§ TASK DETAILS:
Each line of the records that holds the word "lemma" should be copied out.

§ RECORDS SUPPLIED:

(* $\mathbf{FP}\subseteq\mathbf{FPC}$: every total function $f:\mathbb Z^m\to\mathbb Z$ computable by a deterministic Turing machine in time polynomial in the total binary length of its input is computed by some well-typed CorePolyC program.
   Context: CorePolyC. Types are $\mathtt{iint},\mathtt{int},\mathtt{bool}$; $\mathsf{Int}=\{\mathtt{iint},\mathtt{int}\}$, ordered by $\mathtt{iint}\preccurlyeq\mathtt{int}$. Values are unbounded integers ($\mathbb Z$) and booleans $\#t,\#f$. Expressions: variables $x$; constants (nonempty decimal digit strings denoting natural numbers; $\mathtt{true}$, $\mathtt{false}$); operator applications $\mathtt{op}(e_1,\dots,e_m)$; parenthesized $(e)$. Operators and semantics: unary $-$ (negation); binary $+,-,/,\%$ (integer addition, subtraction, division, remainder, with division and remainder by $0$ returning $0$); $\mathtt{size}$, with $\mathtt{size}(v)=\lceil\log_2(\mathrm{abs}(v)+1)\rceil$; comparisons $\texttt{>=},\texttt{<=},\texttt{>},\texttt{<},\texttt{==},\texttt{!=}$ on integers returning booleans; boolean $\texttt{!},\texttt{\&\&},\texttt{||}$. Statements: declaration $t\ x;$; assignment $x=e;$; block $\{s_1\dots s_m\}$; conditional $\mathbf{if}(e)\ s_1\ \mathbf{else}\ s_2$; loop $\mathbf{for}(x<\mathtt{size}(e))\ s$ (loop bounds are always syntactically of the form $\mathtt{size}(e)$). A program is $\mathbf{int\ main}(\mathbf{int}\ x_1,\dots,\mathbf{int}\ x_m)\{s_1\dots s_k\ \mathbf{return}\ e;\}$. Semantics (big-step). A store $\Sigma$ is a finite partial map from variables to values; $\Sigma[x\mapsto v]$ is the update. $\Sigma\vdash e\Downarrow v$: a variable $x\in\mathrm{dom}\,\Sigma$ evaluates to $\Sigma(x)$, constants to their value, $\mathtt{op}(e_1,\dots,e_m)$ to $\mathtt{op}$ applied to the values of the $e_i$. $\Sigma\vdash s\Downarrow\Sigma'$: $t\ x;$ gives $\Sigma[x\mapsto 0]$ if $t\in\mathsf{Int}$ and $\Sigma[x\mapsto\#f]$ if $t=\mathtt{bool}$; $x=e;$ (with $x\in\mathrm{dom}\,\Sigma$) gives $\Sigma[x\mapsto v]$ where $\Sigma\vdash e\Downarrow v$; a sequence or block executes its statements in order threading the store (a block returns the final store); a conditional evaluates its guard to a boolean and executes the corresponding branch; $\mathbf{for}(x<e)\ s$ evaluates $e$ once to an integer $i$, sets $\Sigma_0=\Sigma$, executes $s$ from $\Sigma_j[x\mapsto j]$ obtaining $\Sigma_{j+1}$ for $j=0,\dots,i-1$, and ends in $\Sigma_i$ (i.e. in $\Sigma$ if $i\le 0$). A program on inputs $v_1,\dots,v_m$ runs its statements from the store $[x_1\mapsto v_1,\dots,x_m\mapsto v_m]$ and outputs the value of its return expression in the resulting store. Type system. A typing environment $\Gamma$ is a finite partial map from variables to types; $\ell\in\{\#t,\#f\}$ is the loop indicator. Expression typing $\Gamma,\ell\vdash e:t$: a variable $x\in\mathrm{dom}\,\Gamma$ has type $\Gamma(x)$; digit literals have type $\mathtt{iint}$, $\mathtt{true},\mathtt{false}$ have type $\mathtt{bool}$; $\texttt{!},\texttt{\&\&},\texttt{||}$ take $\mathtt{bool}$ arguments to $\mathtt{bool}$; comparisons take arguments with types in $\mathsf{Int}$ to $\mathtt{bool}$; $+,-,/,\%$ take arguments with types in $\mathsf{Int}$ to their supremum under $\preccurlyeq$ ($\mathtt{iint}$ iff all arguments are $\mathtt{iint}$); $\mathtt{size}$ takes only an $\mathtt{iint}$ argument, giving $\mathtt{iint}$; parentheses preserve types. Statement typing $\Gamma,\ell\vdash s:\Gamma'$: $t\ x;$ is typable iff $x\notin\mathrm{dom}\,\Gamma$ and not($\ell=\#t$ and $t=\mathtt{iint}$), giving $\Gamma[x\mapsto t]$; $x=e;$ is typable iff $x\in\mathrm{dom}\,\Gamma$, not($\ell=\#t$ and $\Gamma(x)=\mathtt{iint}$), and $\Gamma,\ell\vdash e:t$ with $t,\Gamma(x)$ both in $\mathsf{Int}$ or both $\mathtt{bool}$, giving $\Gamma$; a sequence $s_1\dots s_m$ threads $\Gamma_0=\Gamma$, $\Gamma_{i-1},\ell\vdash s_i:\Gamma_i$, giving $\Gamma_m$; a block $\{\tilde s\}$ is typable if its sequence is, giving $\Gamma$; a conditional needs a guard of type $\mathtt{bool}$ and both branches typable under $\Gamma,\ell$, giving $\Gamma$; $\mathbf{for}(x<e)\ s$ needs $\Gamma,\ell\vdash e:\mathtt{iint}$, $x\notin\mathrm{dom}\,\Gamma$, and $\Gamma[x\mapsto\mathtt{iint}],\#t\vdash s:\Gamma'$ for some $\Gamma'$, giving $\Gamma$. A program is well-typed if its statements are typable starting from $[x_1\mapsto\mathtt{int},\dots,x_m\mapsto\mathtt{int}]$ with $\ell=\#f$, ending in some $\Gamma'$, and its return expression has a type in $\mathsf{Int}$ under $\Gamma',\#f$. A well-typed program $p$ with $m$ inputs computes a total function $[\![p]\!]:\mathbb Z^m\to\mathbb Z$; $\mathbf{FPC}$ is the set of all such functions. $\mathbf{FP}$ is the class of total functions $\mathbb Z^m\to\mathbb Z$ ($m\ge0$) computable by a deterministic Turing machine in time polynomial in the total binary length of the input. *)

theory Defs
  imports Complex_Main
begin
--
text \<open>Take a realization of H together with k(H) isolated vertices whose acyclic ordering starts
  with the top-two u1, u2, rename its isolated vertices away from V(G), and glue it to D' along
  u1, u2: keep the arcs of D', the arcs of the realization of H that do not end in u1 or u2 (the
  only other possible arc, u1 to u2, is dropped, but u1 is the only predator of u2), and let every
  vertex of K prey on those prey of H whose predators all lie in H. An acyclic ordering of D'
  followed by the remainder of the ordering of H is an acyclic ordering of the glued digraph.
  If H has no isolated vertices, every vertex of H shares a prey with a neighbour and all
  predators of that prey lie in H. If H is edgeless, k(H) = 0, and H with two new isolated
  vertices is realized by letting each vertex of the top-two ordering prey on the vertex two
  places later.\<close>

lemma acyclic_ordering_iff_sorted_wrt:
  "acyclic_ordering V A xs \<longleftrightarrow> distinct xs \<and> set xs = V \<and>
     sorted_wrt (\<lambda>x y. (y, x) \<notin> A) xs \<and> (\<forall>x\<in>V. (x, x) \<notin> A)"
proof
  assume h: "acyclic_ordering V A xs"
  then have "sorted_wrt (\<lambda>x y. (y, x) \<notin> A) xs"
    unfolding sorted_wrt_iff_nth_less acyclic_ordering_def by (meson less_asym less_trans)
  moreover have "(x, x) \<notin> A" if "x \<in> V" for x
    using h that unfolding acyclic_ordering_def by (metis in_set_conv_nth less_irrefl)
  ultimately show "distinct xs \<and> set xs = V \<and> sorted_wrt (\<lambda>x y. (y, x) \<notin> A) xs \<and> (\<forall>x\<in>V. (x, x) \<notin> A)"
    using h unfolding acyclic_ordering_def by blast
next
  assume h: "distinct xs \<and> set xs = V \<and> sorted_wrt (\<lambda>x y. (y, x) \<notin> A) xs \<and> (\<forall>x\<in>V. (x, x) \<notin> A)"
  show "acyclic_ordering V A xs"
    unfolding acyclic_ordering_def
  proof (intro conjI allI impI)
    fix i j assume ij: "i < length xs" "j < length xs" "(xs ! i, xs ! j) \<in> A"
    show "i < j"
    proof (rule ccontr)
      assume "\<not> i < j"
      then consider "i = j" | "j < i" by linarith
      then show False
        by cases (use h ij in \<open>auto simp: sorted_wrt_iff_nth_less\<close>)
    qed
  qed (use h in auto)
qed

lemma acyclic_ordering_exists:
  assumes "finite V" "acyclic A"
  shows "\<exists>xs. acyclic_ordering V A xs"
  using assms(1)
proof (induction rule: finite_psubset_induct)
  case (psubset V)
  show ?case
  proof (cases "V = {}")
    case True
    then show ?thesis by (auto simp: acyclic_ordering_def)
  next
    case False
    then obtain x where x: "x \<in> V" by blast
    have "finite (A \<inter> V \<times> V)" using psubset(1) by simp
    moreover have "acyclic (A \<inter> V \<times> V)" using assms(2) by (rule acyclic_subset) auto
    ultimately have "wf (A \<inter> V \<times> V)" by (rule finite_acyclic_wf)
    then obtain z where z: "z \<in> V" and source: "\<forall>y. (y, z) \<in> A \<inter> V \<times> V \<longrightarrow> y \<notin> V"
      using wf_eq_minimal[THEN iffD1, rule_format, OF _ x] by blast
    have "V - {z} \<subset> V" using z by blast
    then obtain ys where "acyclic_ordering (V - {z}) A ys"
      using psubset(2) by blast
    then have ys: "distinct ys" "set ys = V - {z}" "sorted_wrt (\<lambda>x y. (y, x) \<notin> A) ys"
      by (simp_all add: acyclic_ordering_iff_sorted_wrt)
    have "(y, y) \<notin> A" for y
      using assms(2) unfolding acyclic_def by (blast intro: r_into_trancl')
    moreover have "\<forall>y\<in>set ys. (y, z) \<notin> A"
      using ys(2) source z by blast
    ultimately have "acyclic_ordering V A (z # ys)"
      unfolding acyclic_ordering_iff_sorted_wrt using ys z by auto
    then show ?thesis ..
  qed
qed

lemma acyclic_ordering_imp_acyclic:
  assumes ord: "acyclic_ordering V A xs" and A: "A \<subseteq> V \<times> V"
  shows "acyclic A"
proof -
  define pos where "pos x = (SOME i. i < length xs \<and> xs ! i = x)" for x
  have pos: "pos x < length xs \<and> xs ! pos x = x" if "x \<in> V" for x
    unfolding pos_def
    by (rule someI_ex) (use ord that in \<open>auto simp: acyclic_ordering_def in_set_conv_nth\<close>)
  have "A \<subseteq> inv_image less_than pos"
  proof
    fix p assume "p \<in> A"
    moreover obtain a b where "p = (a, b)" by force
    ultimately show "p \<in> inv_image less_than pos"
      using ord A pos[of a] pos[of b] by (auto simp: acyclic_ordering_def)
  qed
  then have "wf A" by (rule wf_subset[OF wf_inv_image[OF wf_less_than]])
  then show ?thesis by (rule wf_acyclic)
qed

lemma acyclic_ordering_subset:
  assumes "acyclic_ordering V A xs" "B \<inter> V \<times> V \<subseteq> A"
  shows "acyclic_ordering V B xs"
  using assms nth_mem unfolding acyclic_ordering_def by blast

§ THE ANSWER:
lemma acyclic_ordering_iff_sorted_wrt:
lemma acyclic_ordering_exists:
lemma acyclic_ordering_imp_acyclic:
lemma acyclic_ordering_subset:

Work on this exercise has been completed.